It's very possible that that's the case, pine, that is, but it's NOT only
pine which is slow. It is pretty much all operations, in X. This was NOT
the case before however. The only real difference right now, is the advent
of XFS. I did a full backup of my system, before reinstalling, and now
things are slower. I've tried some things here on the list, biosize,
logbuff, etc. I've DEFINITELY gained a noticable amount of speed. I need
to tweak something else now. My DMA settings are not an issue, I've got
everything turned up as high as my hardware allows. Not to mention, if
this was a scsi system, hdparm won't to crap for me. I'm experimenting
with this FS on my desktop to see if it's alright for oracle to run on.

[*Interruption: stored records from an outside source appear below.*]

(* Let $G$ be a graph, $X_C \subseteq V(G)$, $z \geq 0$, and let $H$ be an $X_C$-certificate of order $z$ in $G$. Let $D$ be a connected component of $H - X_C$, let $H'$ be the connected component of $H$ containing $D$, and let $X_C' := X_C \cap V(H')$. Suppose that: (1) for each $x \in X_C'$ such that $H[\{x\} \cup V(D)]$ contains an odd cycle, there are at least $z$ connected components $D' \neq D$ of $H - X_C$ such that $H[\{x\} \cup V(D')]$ contains an odd cycle; and (2) for each pair of distinct $x, y \in X_C'$ and each parity $p \in \{0,1\}$, if $H[\{x,y\} \cup V(D)]$ contains an $(x,y)$-path of length congruent to $p$ modulo $2$, then there are at least $z$ connected components $D' \neq D$ of $H - X_C$ such that $H[\{x,y\} \cup V(D')]$ contains an $(x,y)$-path of length congruent to $p$ modulo $2$. Then $\mathrm{oct}(H) = \mathrm{oct}(H - V(D))$.
   Context: $\mathrm{oct}(H)$ denotes the minimum size of a set $S\subseteq V(H)$ with $H - S$ bipartite. For $X_C \subseteq V(G)$, an $X_C$-certificate of order $z$ is a subgraph $H$ of $G$ such that $H - X_C$ is bipartite, $\mathrm{oct}(H)=|X_C|$, and each connected component $H'$ of $H$ has $|X_C\cap V(H')|\le z$. *)

theory Defs
  imports Main
begin

type_synonym 'a graph = "'a set \<times> 'a set set"

definition verts :: "'a graph \<Rightarrow> 'a set" where "verts G = fst G"
definition edges :: "'a graph \<Rightarrow> 'a set set" where "edges G = snd G"

definition wf_graph :: "'a graph \<Rightarrow> bool" where
  "wf_graph G \<longleftrightarrow> finite (verts G) \<and> (\<forall>e\<in>edges G. e \<subseteq> verts G \<and> card e = 2)"

definition adj :: "'a graph \<Rightarrow> 'a \<Rightarrow> 'a \<Rightarrow> bool" where
  "adj G u v \<longleftrightarrow> {u, v} \<in> edges G"

definition subgraph :: "'a graph \<Rightarrow> 'a graph \<Rightarrow> bool" where
  "subgraph H G \<longleftrightarrow> wf_graph H \<and> verts H \<subseteq> verts G \<and> edges H \<subseteq> edges G"

definition induced :: "'a graph \<Rightarrow> 'a set \<Rightarrow> 'a graph" where
  "induced G S = (verts G \<inter> S, {e \<in> edges G. e \<subseteq> S})"

definition delete :: "'a graph \<Rightarrow> 'a set \<Rightarrow> 'a graph" where
  "delete G S = induced G (verts G - S)"

definition bipartite :: "'a graph \<Rightarrow> bool" where
  "bipartite G \<longleftrightarrow> (\<exists>A. \<forall>e\<in>edges G. card (e \<inter> A) = 1)"

definition oct :: "'a graph \<Rightarrow> nat" where
  "oct G = (LEAST k. \<exists>S. S \<subseteq> verts G \<and> card S = k \<and> bipartite (delete G S))"

definition is_path :: "'a graph \<Rightarrow> 'a list \<Rightarrow> bool" where
  "is_path G xs \<longleftrightarrow> xs \<noteq> [] \<and> distinct xs \<and> set xs \<subseteq> verts G \<and>
     (\<forall>i. Suc i < length xs \<longrightarrow> adj G (xs ! i) (xs ! Suc i))"

definition has_path_parity :: "'a graph \<Rightarrow> 'a \<Rightarrow> 'a \<Rightarrow> nat \<Rightarrow> bool" where
  "has_path_parity G x y p \<longleftrightarrow>
     (\<exists>xs. is_path G xs \<and> hd xs = x \<and> last xs = y \<and> (length xs - 1) mod 2 = p)"

definition is_cycle :: "'a graph \<Rightarrow> 'a list \<Rightarrow> bool" where
  "is_cycle G xs \<longleftrightarrow> length xs \<ge> 3 \<and> is_path G xs \<and> adj G (last xs) (hd xs)"

definition has_odd_cycle :: "'a graph \<Rightarrow> bool" where
  "has_odd_cycle G \<longleftrightarrow> (\<exists>xs. is_cycle G xs \<and> odd (length xs))"

definition reach :: "'a graph \<Rightarrow> 'a \<Rightarrow> 'a \<Rightarrow> bool" where
  "reach G = (\<lambda>u v. u \<in> verts G \<and> v \<in> verts G \<and> adj G u v)\<^sup>*\<^sup>*"

definition component :: "'a graph \<Rightarrow> 'a set \<Rightarrow> bool" where
  "component G C \<longleftrightarrow> (\<exists>u\<in>verts G. C = {v. reach G u v})"

definition certificate :: "'a graph \<Rightarrow> 'a set \<Rightarrow> nat \<Rightarrow> 'a graph \<Rightarrow> bool" where
  "certificate G XC z H \<longleftrightarrow> subgraph H G \<and> bipartite (delete H XC) \<and> oct H = card XC \<and>
     (\<forall>C. component H C \<longrightarrow> card (XC \<inter> C) \<le> z)"

end

theory Submission
  imports Defs "HOL-Library.Transitive_Closure_Table"
begin

text \<open>
  Deleting vertices never increases \<open>oct\<close>. Conversely, let \<open>S\<close> be a minimum odd cycle
  transversal of \<open>H - D\<close> and suppose \<open>|S| < oct H = |X\<^sub>C|\<close>. Replacing \<open>S \<inter> H'\<close> by
  \<open>X\<^sub>C \<inter> H'\<close> would give a transversal of \<open>H\<close>, so \<open>S\<close> meets \<open>H'\<close> in fewer than
  \<open>|X\<^sub>C \<inter> H'| \<le> z\<close> vertices. Hence among the \<open>z\<close> components \<open>D' \<noteq> D\<close> that repeat a
  pattern of \<open>D\<close> (an odd cycle through \<open>x\<close>, or an \<open>(x,y)\<close>-path of given parity) one avoids
  \<open>S\<close> inside \<open>H'\<close>, and it realises the pattern in \<open>H - D - S\<close>. Therefore no odd cycle of
  \<open>H[{x} \<union> D]\<close> survives, and any 2-colouring of \<open>H - D - S\<close> colours \<open>x, y\<close> as the
  parities of their paths through \<open>D\<close> dictate. A 2-colouring of the bipartite component \<open>D\<close>,
  flipped if necessary, then extends it, so \<open>S\<close> is a transversal of \<open>H\<close> itself.
\<close>

lemma adj_commute: "adj G u v \<longleftrightarrow> adj G v u"
  unfolding adj_def by (simp add: insert_commute)

lemma adj_imp_verts:
  assumes "wf_graph G" "adj G u v"
  shows "u \<in> verts G" "v \<in> verts G" "u \<noteq> v"
proof -
  have "{u, v} \<subseteq> verts G" "card {u, v} = 2"
    using assms unfolding wf_graph_def adj_def by auto
  then show "u \<in> verts G" "v \<in> verts G" "u \<noteq> v"
    by (auto simp: card_insert_if split: if_splits)
qed

lemma verts_induced [simp]: "verts (induced G W) = verts G \<inter> W"
  by (simp add: induced_def verts_def)

lemma edges_induced [simp]: "edges (induced G W) = {e \<in> edges G. e \<subseteq> W}"
  by (simp add: induced_def edges_def)

lemma adj_induced [simp]: "adj (induced G W) u v \<longleftrightarrow> adj G u v \<and> u \<in> W \<and> v \<in> W"
  by (auto simp: adj_def)

lemma wf_graph_induced: "wf_graph G \<Longrightarrow> wf_graph (induced G W)"
  unfolding wf_graph_def by auto

lemma verts_delete [simp]: "verts (delete G X) = verts G - X"
  by (auto simp: delete_def)

lemma adj_delete [simp]:
  "adj (delete G X) u v \<longleftrightarrow> adj G u v \<and> u \<in> verts G - X \<and> v \<in> verts G - X"
  by (auto simp: delete_def)

lemma wf_graph_delete: "wf_graph G \<Longrightarrow> wf_graph (delete G X)"
  unfolding delete_def by (rule wf_graph_induced)

lemma delete_delete: "delete (delete G X) Y = delete G (X \<union> Y)"
  unfolding delete_def induced_def verts_def edges_def by auto

lemma is_path_iff_successively:
  "is_path G xs \<longleftrightarrow> xs \<noteq> [] \<and> distinct xs \<and> set xs \<subseteq> verts G \<and> successively (adj G) xs"
  unfolding is_path_def successively_conv_nth by simp

lemma is_path_induced_iff: "is_path (induced G W) xs \<longleftrightarrow> is_path G xs \<and> set xs \<subseteq> W"
  unfolding is_path_iff_successively
  by (auto simp: successively_conv_nth dest: nth_mem)

lemma is_cycle_induced_iff: "is_cycle (induced G W) xs \<longleftrightarrow> is_cycle G xs \<and> set xs \<subseteq> W"
  unfolding is_cycle_def is_path_induced_iff
  by (auto simp: is_path_def)

lemma has_odd_cycle_induced_mono:
  "has_odd_cycle (induced G W) \<Longrightarrow> W \<subseteq> W' \<Longrightarrow> has_odd_cycle (induced G W')"
  unfolding has_odd_cycle_def is_cycle_induced_iff by blast
section \<open>Dense sets of lists contain boxes\<close>

definition common_tails :: "'a list set \<Rightarrow> 'a set \<Rightarrow> nat \<Rightarrow> 'a set \<Rightarrow> 'a list set" where
  "common_tails E V k X = {ys. set ys \<subseteq> V \<and> length ys = k \<and> (\<forall>x\<in>X. x # ys \<in> E)}"

lemma card_eq_sum_card_heads:
  assumes "finite V" "E \<subseteq> {xs. set xs \<subseteq> V \<and> length xs = Suc k}"
  shows "card E = (\<Sum>ys\<in>{ys. set ys \<subseteq> V \<and> length ys = k}. card {x\<in>V. x # ys \<in> E})"
proof -
  let ?Y = "{ys. set ys \<subseteq> V \<and> length ys = k}"
  let ?S = "SIGMA ys:?Y. {x\<in>V. x # ys \<in> E}"
  have E_eq: "E = (\<lambda>(ys, x). x # ys) ` ?S"
  proof (intro equalityI subsetI)
    fix xs assume "xs \<in> E"
    with assms(2) have "set xs \<subseteq> V" "length xs = Suc k" by auto
    then obtain x ys where "xs = x # ys" "x \<in> V" "set ys \<subseteq> V" "length ys = k"
      by (cases xs) auto
    with \<open>xs \<in> E\<close> show "xs \<in> (\<lambda>(ys, x). x # ys) ` ?S"
      by (intro rev_image_eqI[of "(ys, x)"]) auto
  qed auto
  have "inj_on (\<lambda>(ys, x). x # ys) ?S"
    by (auto simp: inj_on_def)
  from card_image[OF this, folded E_eq] have "card E = card ?S" .
  also have "\<dots> = (\<Sum>ys\<in>?Y. card {x\<in>V. x # ys \<in> E})"
    using assms(1) by (intro card_SigmaI) (auto simp: finite_lists_length_eq)
  finally show ?thesis .
qed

That may give us some performance increase there, also, I'm trying to
tweak it so I know what to do in the event of a performance issue.
--
Austin Gonyou
Systems Architect, CCNA
Coremetrics, Inc.
Phone: 512-796-9023
email: austin@xxxxxxxxxxxxxxx
On Tue, 8 May 2001, GCS wrote:
> Hi Austin,
>
> On Sun, May 06, 2001 at 05:11:00PM -0500, Austin Gonyou wrote:
>
> > While stable, it doesn't do
> > me any good if I have to wait 5 mins for PINE to open when it's only
> > moving a few messages from inbox to other boxes. The same operation would
> > take 30 seconds with ReiserFS.
> Personaly I do not think it is a problem with XFS. First, please check
> your drive with "hdparm -t /dev/hda" (I suppose it is hda in your
> machine). Maybe you compiled your kernel without proper DMA support on
> the IDE bus or just does not set it up with hdparm. For me ReiserFS and
> XFS gives the same performance more or less.
> (In brackets: pine is slooow, and has more holes than a cheese has.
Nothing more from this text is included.